*TASK DETAILS:* Begin at the line below that contains "using assms by (subst" and write out every line from there to the end of the entries, exactly.

*ENTRIES SHOWN:*
lemma binomial_tail_Suc_Suc:
  assumes "j \<le> m" "p + q = 1"
  shows "binomial_tail p q (Suc m) (Suc j) =
           binomial_tail p q m (Suc j) + real (m choose j) * p ^ Suc j * q ^ (m - j)"
proof -
  define f where "f k = real (m choose k) * p ^ k * q ^ (m - k)" for k
  have pascal: "real (Suc m choose Suc i) * p ^ Suc i * q ^ (Suc m - Suc i) = p * f i + q * f (Suc i)"
    if "i \<le> m" for i
  proof (cases "i < m")
    case True
    then have "q ^ (m - i) = q * q ^ (m - Suc i)"
      by (metis Suc_diff_Suc power_Suc)
    then show ?thesis using True by (simp add: f_def algebra_simps)
  next
    case False
    with that show ?thesis by (simp add: f_def)
  qed
  have "binomial_tail p q (Suc m) (Suc j) = (\<Sum>i=j..m. p * f i + q * f (Suc i))"
    unfolding binomial_tail_def sum.shift_bounds_cl_Suc_ivl using pascal by (intro sum.cong) auto
  also have "\<dots> = p * (\<Sum>i=j..m. f i) + q * (\<Sum>i=j..m. f (Suc i))"
    by (simp add: sum.distrib sum_distrib_left)
  also have "(\<Sum>i=j..m. f (Suc i)) = (\<Sum>i=Suc j..Suc m. f i)"
    by (rule sum.shift_bounds_cl_Suc_ivl[symmetric])
  also have "\<dots> = (\<Sum>i=Suc j..m. f i)"
    using assms(1) by (simp add: sum.cl_ivl_Suc f_def)
  also have "(\<Sum>i=j..m. f i) = f j + (\<Sum>i=Suc j..m. f i)"
    using assms(1) by (simp add: sum.atLeast_Suc_atMost)
  finally show ?thesis
    using assms(2) by (simp add: binomial_tail_def f_def algebra_simps flip: distrib_right)
qed

lemma binomial_tail_central_Suc:
  assumes "p + q = 1"
  shows "binomial_tail p q (2 * n + 2) (n + 2) =
           binomial_tail p q (2 * n + 1) (n + 1) - real ((2 * n + 1) choose (n + 1)) * (p * q) ^ (n + 1)"
proof -
  define C where "C = real ((2 * n + 1) choose (n + 1))"
  have "binomial_tail p q (2 * n + 2) (n + 2) = binomial_tail p q (2 * n + 1) (n + 2) + C * p ^ (n + 2) * q ^ n"
    using binomial_tail_Suc_Suc[of "n + 1" "2 * n + 1" p q] assms by (simp add: C_def)
  moreover have "binomial_tail p q (2 * n + 1) (n + 1) = C * p ^ (n + 1) * q ^ n + binomial_tail p q (2 * n + 1) (n + 2)"
    using binomial_tail_eq_first_plus[of "n + 1" "2 * n + 1" p q] by (simp add: C_def)
  moreover have "C * p ^ (n + 2) * q ^ n - C * p ^ (n + 1) * q ^ n = - C * (p * q) ^ (n + 1)"
  proof -
    have "C * p ^ (n + 2) * q ^ n - C * p ^ (n + 1) * q ^ n = C * p ^ (n + 1) * q ^ n * (p - 1)"
      by (simp add: algebra_simps)
    also have "p - 1 = - q"
      using assms by simp
    finally show ?thesis
      by (simp add: power_mult_distrib mult_ac)
  qed
  ultimately show ?thesis
    unfolding C_def[symmetric] by linarith
qed

definition majority_bias :: "real \<Rightarrow> real \<Rightarrow> nat \<Rightarrow> real" where
  "majority_bias p q m = binomial_tail p q m (m div 2 + 1) - binomial_tail q p m (m div 2 + 1)"

lemma majority_bias_even:
  assumes "p + q = 1"
  shows "majority_bias p q (2 * n + 2) = majority_bias p q (2 * n + 1)"
proof -
  have "(2 * n + 2) div 2 + 1 = n + 2" "(2 * n + 1) div 2 + 1 = n + 1" by auto
  then show ?thesis
    using binomial_tail_central_Suc[of p q n] binomial_tail_central_Suc[of q p n] assms
    by (simp add: majority_bias_def mult.commute)
qed

lemma majority_bias_odd:
  assumes "p + q = 1"
  shows "majority_bias p q (2 * n + 1) = (p - q) * (\<Sum>k\<le>n. real ((2 * k) choose k) * (p * q) ^ k)"
proof (induction n)
  case 0
  then show ?case by (simp add: majority_bias_def binomial_tail_def)
next
  case (Suc n)
  have step: "binomial_tail a b (2 * n + 3) (n + 2) = binomial_tail a b (2 * n + 1) (n + 1)
      - real ((2 * n + 1) choose (n + 1)) * (a * b) ^ (n + 1) + real ((2 * n + 2) choose (n + 1)) * a ^ (n + 2) * b ^ (n + 1)"
    if "a + b = 1" for a b
    using binomial_tail_Suc_Suc[of "n + 1" "2 * n + 2" a b] binomial_tail_central_Suc[OF that, of n] that
    by (simp add: numeral_3_eq_3)
  have "(2 * n + 3) div 2 + 1 = n + 2" "(2 * n + 1) div 2 + 1 = n + 1" by auto
  then have "majority_bias p q (2 * n + 3) = majority_bias p q (2 * n + 1)
      + real ((2 * n + 2) choose (n + 1)) * (p ^ (n + 2) * q ^ (n + 1) - q ^ (n + 2) * p ^ (n + 1))"
    using step[of p q] step[of q p] assms by (simp add: majority_bias_def algebra_simps)
  also have "p ^ (n + 2) * q ^ (n + 1) - q ^ (n + 2) * p ^ (n + 1) = (p - q) * (p * q) ^ (n + 1)"
    by (simp add: power_mult_distrib algebra_simps)
  finally have "majority_bias p q (2 * n + 3) = majority_bias p q (2 * n + 1)
      + (p - q) * (real ((2 * (n + 1)) choose (n + 1)) * (p * q) ^ (n + 1))"
    by (simp add: algebra_simps del: binomial_Suc_Suc)
  also have "\<dots> = (p - q) * (\<Sum>k\<le>Suc n. real ((2 * k) choose k) * (p * q) ^ k)"
    unfolding Suc.IH by (simp add: sum.atMost_Suc distrib_left del: binomial_Suc_Suc)
  moreover have "2 * Suc n + 1 = 2 * n + 3" by simp
  ultimately show ?case by (simp only:)
qed

lemma sum_sign_eq_card:
  assumes "finite A"
  shows "(\<Sum>i\<in>A. if P i then 1 else -1 :: int) = 2 * int (card {i\<in>A. P i}) - int (card A)"
proof -
  have "card A = card {i\<in>A. P i} + card {i\<in>A. \<not> P i}"
    using assms by (subst card_Un_disjoint[symmetric]) (auto intro: arg_cong[where f=card])
  then show ?thesis
    using assms by (simp add: sum.If_cases Int_def)
qed
theorem lemma3p5:
  fixes Ls :: "('a::finite) list set list"
  assumes "Ls \<noteq> []"
    and "\<forall>L \<in> set Ls. \<exists>f. regulated f \<and> L = lang f"
  shows "\<exists>g :: 'a option crasp. sepconcat Ls = lang g"
proof -
  obtain F where F: "\<forall>L \<in> set Ls. regulated (F L) \<and> L = lang (F L)"
    using assms(2) by metis
  then have "map lang (map F Ls) = Ls"
    by (simp add: map_idI)
  moreover have "lang (sepconcat_formula (map F Ls)) = sepconcat (map lang (map F Ls))"
    using assms(1) F by (intro lang_sepconcat_formula) auto
  ultimately show ?thesis by metis
qed

end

*ANSWER FOR THIS EXERCISE:*
    using assms by (subst card_Un_disjoint[symmetric]) (auto intro: arg_cong[where f=card])
  then show ?thesis
    using assms by (simp add: sum.If_cases Int_def)
qed
theorem lemma3p5:
  fixes Ls :: "('a::finite) list set list"
  assumes "Ls \<noteq> []"
    and "\<forall>L \<in> set Ls. \<exists>f. regulated f \<and> L = lang f"
  shows "\<exists>g :: 'a option crasp. sepconcat Ls = lang g"
proof -
  obtain F where F: "\<forall>L \<in> set Ls. regulated (F L) \<and> L = lang (F L)"
    using assms(2) by metis
  then have "map lang (map F Ls) = Ls"
    by (simp add: map_idI)
  moreover have "lang (sepconcat_formula (map F Ls)) = sepconcat (map lang (map F Ls))"
    using assms(1) F by (intro lang_sepconcat_formula) auto
  ultimately show ?thesis by metis
qed

end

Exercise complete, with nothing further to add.